My comrade offered me an encouraging look.
‘Namely?’
‘How would Kalchoff be certain that Captain Barrington would carry with him the most important clue of all, the note decoying him to his death? Wasn’t that a great risk? What if Barrington - Julia - had left it behind? The note would inevitably have led to the culprit.’
‘That’s why Kalchoff arranged the rendezvous at the obrok. It is unlikely a foreigner would know the exact location of such a shrine. The note contained precise directions, almost certainly accompanied by a sketch - you recall Mrs. Barrington saying her husband turned it this way and that - ensuring the victim would bring it with him.’
‘I can see why Kalchoff would murder Captain Barrington - but why would the Prince become involved?’
‘Cui prodest? Ferdinand’s mother and the nation press Ferdinand hard to remarry. Several prospects of Royal lineage have said no to his proposals of marriage, aware life in Balkan royal circles is likely to be both brutal and short. If not of his own station, then from Bulgaria’s Upper Crust. The Prince’s unusual gift to Mrs. Barrington - a pair of diamond swallows for her hair, given to him by the Viennese actress Kathi Schratt, and to Schratt by the Emperor Franz Josef- I took it to be a sign of unrequited love.
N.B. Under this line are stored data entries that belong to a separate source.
(* Let $G$ be a connected graph with $n\geq 2$ vertices and $m$ edges, and let $T(G)$ be its triangulation. Then $$R^+(T(G))=2R^+(G)+2R^*(G)+\frac{12m^2-mn-n^2-2m+n}{3}.$$
   Context: All graphs are finite, undirected, without loops or multiple edges. For a connected graph $H$ and vertices $i,j$, the resistance distance $\Omega_{ij}$ is the effective resistance between $i$ and $j$ in the electrical network obtained from $H$ by replacing each edge by a unit resistor. With $d_i$ the degree of vertex $i$ in $H$ and sums over unordered pairs of distinct vertices of $H$: $R^+(H)=\sum_{\{i,j\}\subseteq V(H)}(d_i+d_j)\Omega_{ij}$ (additive degree-Kirchhoff index) and $R^*(H)=\sum_{\{i,j\}\subseteq V(H)}d_id_j\Omega_{ij}$ (multiplicative degree-Kirchhoff index), with degrees and resistances taken in $H$. The triangulation $T(G)$ is obtained from $G$ by adding, for each edge $uv$, a new vertex $w$ adjacent to both $u$ and $v$ (keeping the edge $uv$). *)

theory Defs
  imports Complex_Main
begin

definition simple_graph :: "'a set \<Rightarrow> 'a set set \<Rightarrow> bool" where
  "simple_graph V E \<longleftrightarrow> finite V \<and> (\<forall>e\<in>E. card e = 2 \<and> e \<subseteq> V)"

definition graph_connected :: "'a set \<Rightarrow> 'a set set \<Rightarrow> bool" where
  "graph_connected V E \<longleftrightarrow>
     (\<forall>u\<in>V. \<forall>v\<in>V. (\<lambda>x y. {x, y} \<in> E)\<^sup>*\<^sup>* u v)"

definition degree :: "'a set set \<Rightarrow> 'a \<Rightarrow> nat" where
  "degree E v = card {e \<in> E. v \<in> e}"

text \<open>Effective resistance: inject a unit current at i and extract it at j
  (Kirchhoff's current law with unit resistors, i.e. L x = e_i - e_j);
  the resistance is the resulting potential difference x i - x j.\<close>
definition resistance :: "'a set \<Rightarrow> 'a set set \<Rightarrow> 'a \<Rightarrow> 'a \<Rightarrow> real" where
  "resistance V E i j = (THE r. \<exists>x :: 'a \<Rightarrow> real.
      (\<forall>v\<in>V. (\<Sum>u\<in>{u\<in>V. {u, v} \<in> E}. x v - x u)
              = (if v = i then 1 else 0) - (if v = j then 1 else 0))
      \<and> r = x i - x j)"

text \<open>Sums over unordered pairs of distinct vertices, written as half the
  sum over ordered pairs of distinct vertices.\<close>
definition Rplus :: "'a set \<Rightarrow> 'a set set \<Rightarrow> real" where
  "Rplus V E = (\<Sum>i\<in>V. \<Sum>j\<in>V - {i}.
      (real (degree E i) + real (degree E j)) * resistance V E i j) / 2"

definition Rstar :: "'a set \<Rightarrow> 'a set set \<Rightarrow> real" where
  "Rstar V E = (\<Sum>i\<in>V. \<Sum>j\<in>V - {i}.
      (real (degree E i) * real (degree E j)) * resistance V E i j) / 2"

text \<open>Triangulation: old vertices Inl v, one new vertex Inr e per edge e.\<close>
definition tri_V :: "'a set \<Rightarrow> 'a set set \<Rightarrow> ('a + 'a set) set" where
  "tri_V V E = Inl ` V \<union> Inr ` E"

definition tri_E :: "'a set \<Rightarrow> 'a set set \<Rightarrow> ('a + 'a set) set set" where
  "tri_E V E = (\<lambda>e. Inl ` e) ` E \<union> {{Inl u, Inr e} | u e. e \<in> E \<and> u \<in> e}"

end

theory Submission
  imports Defs "Jordan_Normal_Form.Determinant"
begin

text \<open>Effective resistances of \<open>G\<close> are expressed through grounded potentials \<open>green p\<close>,
  the solutions of \<open>L x = e\<^sub>p - e\<^sub>r\<close> for a fixed root \<open>r\<close>. The key observation is a lifting
  of potentials to \<open>T(G)\<close>: if \<open>L\<^sub>G x\<close> equals \<open>\<alpha> v\<close> plus half the sum of \<open>\<sigma> e\<close> over the edges
  \<open>e\<close> at \<open>v\<close>, then the potential equal to \<open>2/3 x v\<close> at old vertices and to
  \<open>(x a + x b)/3 + \<sigma> e / 2\<close> at the vertex of \<open>e = {a, b}\<close> has Laplacian \<open>\<alpha>\<close> on the old and
  \<open>\<sigma>\<close> on the new vertices of \<open>T(G)\<close>. Choosing \<open>\<alpha>\<close> and \<open>\<sigma>\<close> as unit currents expresses every
  resistance of \<open>T(G)\<close> through those of \<open>G\<close>. Summing them against the degrees of \<open>T(G)\<close>
  (twice the old degree at old vertices, \<open>2\<close> at new ones) and using Foster's theorem
  (the resistances across the edges of \<open>G\<close> sum to \<open>n - 1\<close>) yields the formula.\<close>

lemma mat_vec_solvable_if_injective:
  fixes M :: "real mat"
  assumes M: "M \<in> carrier_mat n n"
    and inj: "\<And>w. w \<in> carrier_vec n \<Longrightarrow> M *\<^sub>v w = 0\<^sub>v n \<Longrightarrow> w = 0\<^sub>v n"
    and c: "c \<in> carrier_vec n"
  shows "\<exists>y\<in>carrier_vec n. M *\<^sub>v y = c"
proof -
  have "det M \<noteq> 0" using det_0_iff_vec_prod_zero_field[OF M] inj by blast
  from det_non_zero_imp_unit[OF M this, of "()"]
  obtain B where B: "B \<in> carrier_mat n n" "M * B = 1\<^sub>m n"
    unfolding Units_def by (auto simp: ring_mat_def)
  then have "M *\<^sub>v (B *\<^sub>v c) = c" using M c by (metis assoc_mult_mat_vec one_mult_mat_vec)
  then show ?thesis using B c by (meson mult_mat_vec_carrier)
qed

lemma injective_imp_solvable_linear_system:
  fixes A :: "'a \<Rightarrow> 'a \<Rightarrow> real"
  assumes fin: "finite V"
    and inj: "\<And>x. \<forall>v\<in>V. (\<Sum>u\<in>V. A v u * x u) = 0 \<Longrightarrow> \<forall>u\<in>V. x u = 0"
  shows "\<exists>x. \<forall>v\<in>V. (\<Sum>u\<in>V. A v u * x u) = b v"
proof -
  define n where "n = card V"
  obtain f where f: "bij_betw f {0..<n} V"
    using ex_bij_betw_nat_finite[OF fin] n_def by blast
  define g where "g = inv_into {0..<n} f"
  have fg: "\<And>u. u \<in> V \<Longrightarrow> f (g u) = u" "\<And>u. u \<in> V \<Longrightarrow> g u < n"
    using f unfolding g_def
    by (auto simp: bij_betw_inv_into_right bij_betw_def inv_into_into)
  have gf: "\<And>i. i < n \<Longrightarrow> g (f i) = i"
    using f unfolding g_def by (simp add: bij_betw_inv_into_left)
  define M where "M = mat n n (\<lambda>(i,j). A (f i) (f j))"
  have M: "M \<in> carrier_mat n n" by (simp add: M_def)
  have M_mult: "(M *\<^sub>v w) $ g v = (\<Sum>u\<in>V. A v u * w $ g u)" if "v \<in> V" "w \<in> carrier_vec n" for v w
  proof -
    have "(\<Sum>u\<in>V. A v u * w $ g u) = (\<Sum>j\<in>{0..<n}. A v (f j) * w $ j)"
      using f gf by (simp add: sum.reindex_bij_betw[OF f, symmetric])
    then show ?thesis using that fg by (simp add: M_def scalar_prod_def)
  qed
  have M_inj: "w = 0\<^sub>v n" if w: "w \<in> carrier_vec n" "M *\<^sub>v w = 0\<^sub>v n" for w
  proof -
    have "\<forall>v\<in>V. (\<Sum>u\<in>V. A v u * w $ g u) = 0"
      using w M_mult fg(2) by (metis carrier_vecD index_zero_vec(1))
    with inj have "\<forall>u\<in>V. w $ g u = 0" .
    then have "w $ i = 0" if "i < n" for i
      using that gf f by (metis atLeastLessThan_iff bij_betwE zero_le)
    then show "w = 0\<^sub>v n" using w(1) by (intro eq_vecI) auto
  qed
  from mat_vec_solvable_if_injective[OF M M_inj vec_carrier]
  obtain y where y: "y \<in> carrier_vec n" "M *\<^sub>v y = vec n (\<lambda>i. b (f i))"
    by blast
  then have "\<forall>v\<in>V. (\<Sum>u\<in>V. A v u * y $ g u) = b v"
    using M_mult[OF _ y(1), symmetric] y(2) fg by simp
  then show ?thesis by (intro exI[of _ "\<lambda>u. y $ g u"]) simp
qed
After the killing, Kalchoff could say nothing to prevent his master waiting a while, then marrying Mrs. Barrington and absorbing her vast lands for himself. Ferdinand immediately saw through the request for a photographic session. He understood I was about to unmask the one witness who could implicate the Prince himself. It became imperative to eliminate him.’
‘Pretty gory stuff,’ I said with feeling, ‘thrusting the blade into his throat like that. Better a thrust through the heart - ‘
‘Even those of us who are not medical realise a bodkin in the wind-pipe makes it difficult to finish the sentence,’ Holmes broke in, drily. He looked at me quizzically.
‘Do you recall the Minister telling you the Prince’s favourite saying?’